Allowing Remediation Owner users to create their own custom VUL Remediation Tasks

Joe Kline · ‎11-28-2023

Hey everybody.

We are investigating the best way to allow a user with the Remediation Owner role to be able to create a custom Remediation Task without just opening everything up and giving everybody the write_all role.
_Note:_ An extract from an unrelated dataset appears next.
(* Let $\mathbf m>0$ be a real number, $\Gamma_1,\Gamma_2$ co-prime integers with $1<\Gamma_1<\Gamma_2$, $\mathbf m_i=\mathbf m\Gamma_i$ ($i=1,2$), let $1\le j\le K+1$ and $\mathbf X=\min\big(\mathbf m_2(1+\ddot n_{2,j}),\,\mathbf m_1(1+\ddot n_{1,j})\big)$. (a) For every real $\mathbf N$ with $0\le\mathbf N<\mathbf X$ and all real erroneous remainders $\tilde{\mathbf r}_1,\tilde{\mathbf r}_2$ of $\mathbf N$ whose errors satisfy $$-\frac{\sigma_j}{2}\le\frac{\Delta\mathbf r_1-\Delta\mathbf r_2}{\mathbf m}<\frac{\sigma_j}{2},$$ Algorithm 2 (real version, index $j$) returns $\hat n_1=n_1$, $\hat n_2=n_2$. In particular this holds whenever $|\Delta\mathbf r_i|\le\boldsymbol\tau$ for $i=1,2$ with $\boldsymbol\tau<\mathbf m\sigma_j/4$. (b) (Sharpness) For $\mathbf N=\mathbf X$ there exist real erroneous remainders whose errors satisfy the condition in (a), for which Algorithm 2 returns $(\hat n_1,\hat n_2)\ne(n_1,n_2)$.
   Context: $|a|_b$ is the remainder of the integer $a$ modulo the positive integer $b$; $[x]=\lfloor x+1/2\rfloor$. For real $\mathbf N\ge0$: folding integers $n_i=\lfloor\mathbf N/\mathbf m_i\rfloor$ and real remainders $\mathbf r_i=\mathbf N-n_i\mathbf m_i\in[0,\mathbf m_i)$; erroneous remainders are reals $\tilde{\mathbf r}_i\in[0,\mathbf m_i)$ with errors $\Delta\mathbf r_i=\tilde{\mathbf r}_i-\mathbf r_i$. Euclidean sequence: $\sigma_{-1}=\Gamma_2$, $\sigma_0=\Gamma_1$, $\sigma_i=|\sigma_{i-2}|_{\sigma_{i-1}}$ for $i\ge1$; $K\ge0$ is the index with $\sigma_K>1$, $\sigma_{K+1}=1$. For $1\le n<\Gamma_1$, $S_{2,n}=\{|t\Gamma_2|_{\Gamma_1}:0\le t\le n\}$, $d_{2,n}$ = minimum distance between distinct elements of $S_{2,n}$; for $1\le n<\Gamma_2$, $S_{1,n}=\{|t\Gamma_1|_{\Gamma_2}:0\le t\le n\}$, $d_{1,n}$ likewise. $\ddot n_{2,j}=\max\{n:1\le n<\Gamma_1,\ d_{2,n}\ge\sigma_j\}$, $\ddot n_{1,j}=\max\{n:1\le n<\Gamma_2,\ d_{1,n}\ge\sigma_j\}$. $\bar\Gamma_{21}$ is the inverse of $\Gamma_2$ modulo $\Gamma_1$, $\bar\Gamma_{12}$ the inverse of $\Gamma_1$ modulo $\Gamma_2$. Algorithm 2, real version (index $j$, input $\tilde{\mathbf r}_1,\tilde{\mathbf r}_2$): compute $\mathbf q_{21}=(\tilde{\mathbf r}_1-\tilde{\mathbf r}_2)/\mathbf m$. (i) If $\mathbf q_{21}\ge\sigma_j/2$: if some $x\in S_{2,\ddot n_{2,j}}$ satisfies $-\sigma_j/2\le\mathbf q_{21}-x<\sigma_j/2$, let $s_2=x$; otherwise let $s_2$ be an element of $S_{2,\ddot n_{2,j}}$ at minimum distance from $\mathbf q_{21}$. Let $\hat n_2\in[0,\Gamma_1)$ with $\hat n_2\equiv s_2\bar\Gamma_{21}\pmod{\Gamma_1}$ and $\hat n_1=[(\hat n_2\mathbf m_2+\tilde{\mathbf r}_2-\tilde{\mathbf r}_1)/\mathbf m_1]$. (ii) If $\mathbf q_{21}<-\sigma_j/2$: if some $y\in S_{1,\ddot n_{1,j}}$ satisfies $-\sigma_j/2\le\mathbf q_{21}+y<\sigma_j/2$, let $s_1=y$; otherwise let $s_1$ be an element of $S_{1,\ddot n_{1,j}}$ at minimum distance from $-\mathbf q_{21}$. Let $\hat n_1\in[0,\Gamma_2)$ with $\hat n_1\equiv s_1\bar\Gamma_{12}\pmod{\Gamma_2}$ and $\hat n_2=[(\hat n_1\mathbf m_1+\tilde{\mathbf r}_1-\tilde{\mathbf r}_2)/\mathbf m_2]$. (iii) If $-\sigma_j/2\le\mathbf q_{21}<\sigma_j/2$: $\hat n_1=\hat n_2=0$. *)

theory Defs
  imports Complex_Main
begin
Based on the ACLs and UI Button conditions, it seems that is what is required for the "New" button to be available out on the Remediation Task list view.

Does anybody out there do this kind of thing, and if so what was the choice of actions and direction taken to implement?
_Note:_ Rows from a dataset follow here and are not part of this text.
lemma enum_elem_translate:
  assumes "finite T" "1 \<le> i" "i \<le> card T"
  shows "enum_elem ((\<lambda>x. x + c) ` T) i = enum_elem T i + c"
  using assms sorted_list_of_set_strict_mono_image[of T "\<lambda>x. x + c"]
  by (simp add: enum_elem_def strict_mono_on_def)

lemma enum_elem_mem: "finite T \<Longrightarrow> 1 \<le> i \<Longrightarrow> i \<le> card T \<Longrightarrow> enum_elem T i \<in> T"
proof -
  assume "finite T" "1 \<le> i" "i \<le> card T"
  hence "sorted_list_of_set T ! (i - 1) \<in> set (sorted_list_of_set T)" by (intro nth_mem) simp
  with \<open>finite T\<close> show ?thesis by (simp add: enum_elem_def)
qed

lemma enum_elem_less: "1 \<le> i \<Longrightarrow> i < card T \<Longrightarrow> enum_elem T i < enum_elem T (Suc i)"
  unfolding enum_elem_def by (simp add: sorted_wrt_nth_less)

definition separated :: "nat \<Rightarrow> nat set \<Rightarrow> bool" where
  "separated G s \<longleftrightarrow> (\<forall>x\<in>s. \<forall>y\<in>s. x < y \<longrightarrow> x + G \<le> y)"

text \<open>Coordinates increase along the family because the shifts do, and
  \<open>t\<^sub>i + m\<^sub>l < t\<^sub>i + m\<^sub>1 + G \<le> t\<^sub>i\<^sub>+\<^sub>1 + m\<^sub>1\<close> gives the interlacing condition.\<close>

lemma plegma_translates:
  assumes T: "finite T" "card T = k" and sep: "separated G T"
    and incr: "\<And>j. j \<in> {1..<l} \<Longrightarrow> m j < m (Suc j)"
    and close: "1 \<le> l \<Longrightarrow> m l < m 1 + G"
  shows "plegma k (\<lambda>j. (\<lambda>x. x + m j) ` T) l"
  unfolding plegma_def
proof (intro conjI ballI impI)
  fix j assume "j \<in> {1..l}"
  show "(\<lambda>x. x + m j) ` T \<in> ksubsets UNIV k"
    using T by (simp add: ksubsets_def card_image)
next
  fix i j assume "i \<in> {1..k}" "j \<in> {1..<l}"
  thus "enum_elem ((\<lambda>x. x + m j) ` T) i < enum_elem ((\<lambda>x. x + m (Suc j)) ` T) i"
    using enum_elem_translate[OF T(1)] incr T(2) by simp
next
  fix i assume "1 \<le> l" "i \<in> {1..<k}"
  moreover have "enum_elem T i + G \<le> enum_elem T (Suc i)"
    using sep enum_elem_less[of i T] enum_elem_mem[OF T(1)] \<open>i \<in> {1..<k}\<close> T(2)
    unfolding separated_def by simp
  ultimately show "enum_elem ((\<lambda>x. x + m l) ` T) i < enum_elem ((\<lambda>x. x + m 1) ` T) (Suc i)"
    using enum_elem_translate[OF T(1)] close T(2) by simp
qed

lemma same_block_close: "(a::nat) div G = b div G \<Longrightarrow> 0 < G \<Longrightarrow> b < a + G"
proof -
  assume same: "a div G = b div G" and "0 < G"
  have "b = a div G * G + b mod G" using same by simp
  also have "\<dots> < a div G * G + G" using \<open>0 < G\<close> by simp
  also have "\<dots> \<le> a + G" by simp
  finally show ?thesis .
qed

lemma plegma_from_block:
  assumes T: "finite T" "card T = k" "separated G T" and G: "0 < G"
    and M: "finite M" "l \<le> card M" and block: "\<forall>m\<in>M. m div G = q"
  shows "\<exists>s. plegma k s l \<and> (\<forall>j\<in>{1..l}. s j \<in> (\<lambda>m. (\<lambda>x. x + m) ` T) ` M)"
proof -
  define ms where "ms = sorted_list_of_set M"
  define m where "m j = ms ! (j - 1)" for j
  have len: "length ms = card M" and sorted: "sorted_wrt (<) ms" and set_ms: "set ms = M"
    using M(1) by (simp_all add: ms_def)
  have m_in: "m j \<in> M" if "j \<in> {1..l}" for j
    using that M(2) len set_ms nth_mem[of "j - 1" ms] by (auto simp: m_def)
  have incr: "m j < m (Suc j)" if "j \<in> {1..<l}" for j
    using that M(2) len sorted by (auto simp: m_def sorted_wrt_nth_less)
  have close: "m l < m 1 + G" if "1 \<le> l"
    using block m_in[of 1] m_in[of l] that same_block_close[OF _ G] by simp
  have "plegma k (\<lambda>j. (\<lambda>x. x + m j) ` T) l"
    using plegma_translates[OF T incr close] by simp
  thus ?thesis using m_in by blast
qed

definition shape :: "nat set \<Rightarrow> nat set" where
  "shape s = (\<lambda>x. x - Min s) ` s"

definition Shapes :: "nat \<Rightarrow> nat \<Rightarrow> nat set set" where
  "Shapes n k = {T. T \<subseteq> {0..<n} \<and> 0 \<in> T \<and> card T = k}"

lemma translate_shape: "finite s \<Longrightarrow> s = (\<lambda>x. x + Min s) ` shape s"
  unfolding shape_def image_image by (auto simp: image_iff intro!: bexI)

lemma card_translate: "card ((\<lambda>x. x + (c::nat)) ` T) = card T"
  by (simp add: card_image)

lemma separated_translate: "separated G ((\<lambda>x. x + c) ` T) \<longleftrightarrow> separated G T"
  unfolding separated_def by auto

lemma card_shape: "finite s \<Longrightarrow> card (shape s) = card s"
  using card_translate[of "Min s" "shape s"] translate_shape[of s] by simp

lemma separated_shape: "finite s \<Longrightarrow> separated G (shape s) \<longleftrightarrow> separated G s"
  using separated_translate[of G "Min s" "shape s"] translate_shape[of s] by simp

lemma shape_in_Shapes:
  assumes "s \<in> ksubsets {1..n} k" "1 \<le> k"
  shows "shape s \<in> Shapes n k"
proof -
  have s: "finite s" "card s = k" "s \<subseteq> {1..n}" using assms(1) by (auto simp: ksubsets_def)
  hence "Min s \<in> s" using assms(2) by (intro Min_in) auto
  have "x - Min s < n" if "x \<in> s" for x
  proof -
    have "1 \<le> Min s" "1 \<le> x" "x \<le> n" using that \<open>Min s \<in> s\<close> s(3) by auto
    thus ?thesis by linarith
  qed
  hence "shape s \<subseteq> {0..<n}" "0 \<in> shape s"
    using \<open>Min s \<in> s\<close> by (auto simp: shape_def)
  thus ?thesis using card_shape s by (simp add: Shapes_def)
qed

text \<open>A shape is determined by its \<open>k - 1\<close> nonzero elements in \<open>{1..<n}\<close>, so there are
  at most \<open>n\<^sup>k\<^sup>-\<^sup>1\<close> shapes.\<close>

lemma card_Shapes: "card (Shapes n k) \<le> n ^ (k - 1)"
proof -
  have inj: "inj_on (\<lambda>T. T - {0}) (Shapes n k)"
    unfolding inj_on_def Shapes_def by (metis insert_Diff mem_Collect_eq)
  have into: "(\<lambda>T. T - {0}) ` Shapes n k \<subseteq> ksubsets {0..<n} (k - 1)"
    unfolding Shapes_def ksubsets_def using finite_subset by fastforce
  have "card (Shapes n k) \<le> card (ksubsets {0..<n} (k - 1))"
    using card_inj_on_le[OF inj into finite_ksubsets] by simp
  also have "\<dots> = n choose (k - 1)" by (simp add: card_ksubsets)
  also have "\<dots> \<le> n ^ (k - 1)" by (rule binomial_le_power)
  finally show ?thesis .
qed

lemma finite_Shapes: "finite (Shapes n k)"
  unfolding Shapes_def by (rule finite_subset[of _ "Pow {0..<n}"]) auto

text \<open>Few \<open>k\<close>-subsets of \<open>{1..n}\<close> fail to be \<open>G\<close>-separated: such a set contains a pair
  \<open>x < x + d\<close> with \<open>d < G\<close>, and at most \<open>n\<^sup>k\<^sup>-\<^sup>2\<close> sets contain a given pair.\<close>

lemma separated_if_card_le_1: "card s \<le> 1 \<Longrightarrow> finite s \<Longrightarrow> separated G s"
  unfolding separated_def by (metis card_le_Suc0_iff_eq less_irrefl One_nat_def)

lemma card_ksubsets_containing_pair:
  assumes "finite A" "x \<noteq> y"
  shows "card {s \<in> ksubsets A k. x \<in> s \<and> y \<in> s} \<le> card A ^ (k - 2)"
proof -
  let ?P = "{s \<in> ksubsets A k. x \<in> s \<and> y \<in> s}"
  have inj: "inj_on (\<lambda>s. s - {x, y}) ?P"
    unfolding inj_on_def by (metis Diff_partition empty_subsetI insert_subset mem_Collect_eq)
  have into: "(\<lambda>s. s - {x, y}) ` ?P \<subseteq> ksubsets A (k - 2)"
    unfolding ksubsets_def using assms(2) by (auto simp: card_Diff_subset)
  have "card ?P \<le> card (ksubsets A (k - 2))"
    using card_inj_on_le[OF inj into finite_ksubsets[OF assms(1)]] .
  also have "\<dots> \<le> card A ^ (k - 2)"
    using card_ksubsets[OF assms(1)] binomial_le_power by simp
  finally show ?thesis .
qed

lemma card_not_separated:
  "card {s \<in> ksubsets {1..n} k. \<not> separated G s} \<le> G * n ^ (k - 1)"
proof (cases "k \<le> 1")
  case True
  hence none: "{s \<in> ksubsets {1..n} k. \<not> separated G s} = {}"
    using separated_if_card_le_1 by (auto simp: ksubsets_def)
  show ?thesis unfolding none by simp
next
  case False
  define P where "P x d = {s \<in> ksubsets {1..n} k. x \<in> s \<and> x + d \<in> s}" for x d
  have "{s \<in> ksubsets {1..n} k. \<not> separated G s} \<subseteq> (\<Union>x\<in>{1..n}. \<Union>d\<in>{1..<G}. P x d)"
  proof
    fix s assume "s \<in> {s \<in> ksubsets {1..n} k. \<not> separated G s}"
    then obtain x y where "s \<in> ksubsets {1..n} k" "x \<in> s" "y \<in> s" "x < y" "y < x + G"
      unfolding separated_def by auto
    moreover hence "x \<in> {1..n}" by (auto simp: ksubsets_def)
    ultimately show "s \<in> (\<Union>x\<in>{1..n}. \<Union>d\<in>{1..<G}. P x d)"
      unfolding P_def by (intro UN_I[of x] UN_I[of "y - x"]) auto
  qed
  hence "card {s \<in> ksubsets {1..n} k. \<not> separated G s} \<le> card (\<Union>x\<in>{1..n}. \<Union>d\<in>{1..<G}. P x d)"
    by (rule card_mono[rotated])
      (auto simp: P_def intro!: finite_subset[OF _ finite_ksubsets[of "{1..n}" k]])
  also have "\<dots> \<le> (\<Sum>x\<in>{1..n}. \<Sum>d\<in>{1..<G}. card (P x d))"
    by (intro card_UN_le[THEN order_trans] sum_mono card_UN_le) simp_all
  also have "\<dots> \<le> (\<Sum>x\<in>{1..n}. \<Sum>d\<in>{1..<G}. n ^ (k - 2))"
    using card_ksubsets_containing_pair[of "{1..n}"] by (intro sum_mono) (simp add: P_def)
  also have "\<dots> = (G - 1) * (n * n ^ (k - 2))" by simp
  also have "\<dots> = (G - 1) * n ^ (k - 1)"
    using False by (simp add: Suc_diff_Suc[symmetric] numeral_2_eq_2)
  also have "\<dots> \<le> G * n ^ (k - 1)" by simp
  finally show ?thesis .
qed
Thanks, in advance, for all input and dialog.

Joe Kline · ‎11-28-2023

Yes, we have the Assigned to Me and Assigned to My Groups module links visible to Remediation Owners in both Vulnerable Items and Remediation Tasks - we will add this to our investigation for sure. Thanks for the hidden tidbit, Andy.

paul_gerigk · ‎11-29-2023

I dont think its a good idea to allow remediation owners creation own VUL Remediation Tasks.
Reason: Remediation Owners getting in addition access to Vulnerable Items when there are assigned to (meaning assigned_to field) a remediation tasks, even when not assigned to vulnerable items. So every Remediation Owner could then grant himself access to all Vulnerable Items in the system.
Better way is to identify needs for Remediation Tasks with VUL Analysts and let them create those tasks and/or Watch Topic -> Remediation Efforts -> Remediation Tasks.

Joe Kline · ‎11-29-2023

Thanks, Paul. This too is a valid idea and thought. Rather than open access to MANY remediation owners, just increase the number of people involved in reacting to the requests (help eliminate our team as the bottleneck) and result in no changes/technical debt at all. Appreciate the suggestion!